(Task material)

text \<open>The graph of the Boolean function with support \<open>A\<close>; the value is stored in variable \<open>n\<close>.\<close>
definition graph_label :: "nat \<Rightarrow> nat set set \<Rightarrow> nat set \<Rightarrow> nat set" where
  "graph_label n A \<tau> = (if \<tau> \<in> A then insert n \<tau> else \<tau>)"

definition graph_labels :: "nat \<Rightarrow> nat set set \<Rightarrow> nat set set" where
  "graph_labels n A = graph_label n A ` Pow {..<n}"

lemma graph_label_below: "i < n \<Longrightarrow> i \<in> graph_label n A \<tau> \<longleftrightarrow> i \<in> \<tau>"
  by (simp add: graph_label_def)

lemma phi_labels_graph_labels: "phi_labels (graph_labels n A) n"
proof -
  have "\<tau> = \<tau>'" if "\<tau> \<subseteq> {..<n}" "\<tau>' \<subseteq> {..<n}" "\<forall>i<n. i \<in> \<tau> \<longleftrightarrow> i \<in> \<tau>'" for \<tau> \<tau>'
    using that by blast
  then show ?thesis
    unfolding phi_labels_def graph_labels_def by (auto simp: graph_label_below)
qed

lemma graph_label_at: "n \<notin> \<tau> \<Longrightarrow> n \<in> graph_label n A \<tau> \<longleftrightarrow> \<tau> \<in> A"
  by (simp add: graph_label_def)

lemma not_phi_labels_insert_graph_label:
  assumes "\<tau> \<subseteq> {..<n}" and "\<tau> \<in> A \<longleftrightarrow> \<tau> \<notin> A'"
  shows "\<not> phi_labels (insert (graph_label n A' \<tau>) (graph_labels n A)) n"
proof -
  let ?a = "graph_label n A \<tau>" and ?b = "graph_label n A' \<tau>"
  have "?a \<in> graph_labels n A" using assms(1) by (simp add: graph_labels_def)
  moreover have "\<forall>i<n. i \<in> ?a \<longleftrightarrow> i \<in> ?b" by (simp add: graph_label_below)
  moreover have "n \<notin> \<tau>" using assms(1) by auto
  then have "n \<in> ?a \<longleftrightarrow> n \<notin> ?b" using assms(2) by (simp add: graph_label_at)
  ultimately show ?thesis unfolding phi_labels_def by blast
qed

lemma fm_len_ge_two_power:
  assumes "equiv_RS \<psi> n"
  shows "2 ^ n \<le> fm_len \<psi>"
proof -
  let ?P = "Pow {..<n}" and ?F = "\<lambda>A. valid_dc_subfms \<psi> (graph_labels n A)"
  have "?F A \<noteq> ?F A'" if "A \<subseteq> ?P" "A' \<subseteq> ?P" "A \<noteq> A'" for A A'
  proof -
    from that obtain \<tau> where \<tau>: "\<tau> \<subseteq> {..<n}" "\<tau> \<in> A \<longleftrightarrow> \<tau> \<notin> A'" by blast
    have "finite (graph_labels n A)" "graph_labels n A \<noteq> {}"
      by (auto simp: graph_labels_def)
    moreover have "graph_label n A' \<tau> \<in> graph_labels n A'"
      using \<tau>(1) by (simp add: graph_labels_def)
    ultimately show ?thesis
      by (rule valid_dc_subfms_neq[OF assms _ _ phi_labels_graph_labels
            not_phi_labels_insert_graph_label[OF \<tau>]])
  qed
  then have "inj_on ?F (Pow ?P)"
    by (meson PowD inj_onI)
  moreover have "?F ` Pow ?P \<subseteq> Pow (dc_subfms \<psi>)"
    by (auto simp: valid_dc_subfms_def)
  ultimately have "card (Pow ?P) \<le> card (Pow (dc_subfms \<psi>))"
    by (intro card_inj_on_le) (simp_all add: finite_dc_subfms)
  then have "(2::nat) ^ 2 ^ n \<le> 2 ^ card (dc_subfms \<psi>)"
    by (simp add: card_Pow finite_dc_subfms)
  then show ?thesis
    using card_dc_subfms_le_fm_len[of \<psi>] by simp
qed

theorem theorem3p2:
  shows "\<exists>c::real. c > 0 \<and> (\<exists>N::nat. \<forall>n\<ge>N. \<forall>\<psi>. n \<ge> 1 \<longrightarrow> equiv_RS \<psi> n \<longrightarrow>
            real (fm_len \<psi>) \<ge> 2 powr (c * real n))"
proof (intro exI conjI allI impI)
  show "(1::real) > 0" by simp
  fix n :: nat and \<psi> assume "equiv_RS \<psi> n"
  then have "2 ^ n \<le> fm_len \<psi>" by (rule fm_len_ge_two_power)
  then have "(2::real) ^ n \<le> real (fm_len \<psi>)"
    by (metis numeral_power_le_of_nat_cancel_iff)
  then show "real (fm_len \<psi>) \<ge> 2 powr (1 * real n)"
    by (simp add: powr_realpow)
qed

end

(End Task material)

- [Exercise]
The answer must consist of every line from the entries above that contains "where".

- [Task response]
definition graph_label :: "nat \<Rightarrow> nat set set \<Rightarrow> nat set \<Rightarrow> nat set" where
definition graph_labels :: "nat \<Rightarrow> nat set set \<Rightarrow> nat set set" where
    from that obtain \<tau> where \<tau>: "\<tau> \<subseteq> {..<n}" "\<tau> \<in> A \<longleftrightarrow> \<tau> \<notin> A'" by blast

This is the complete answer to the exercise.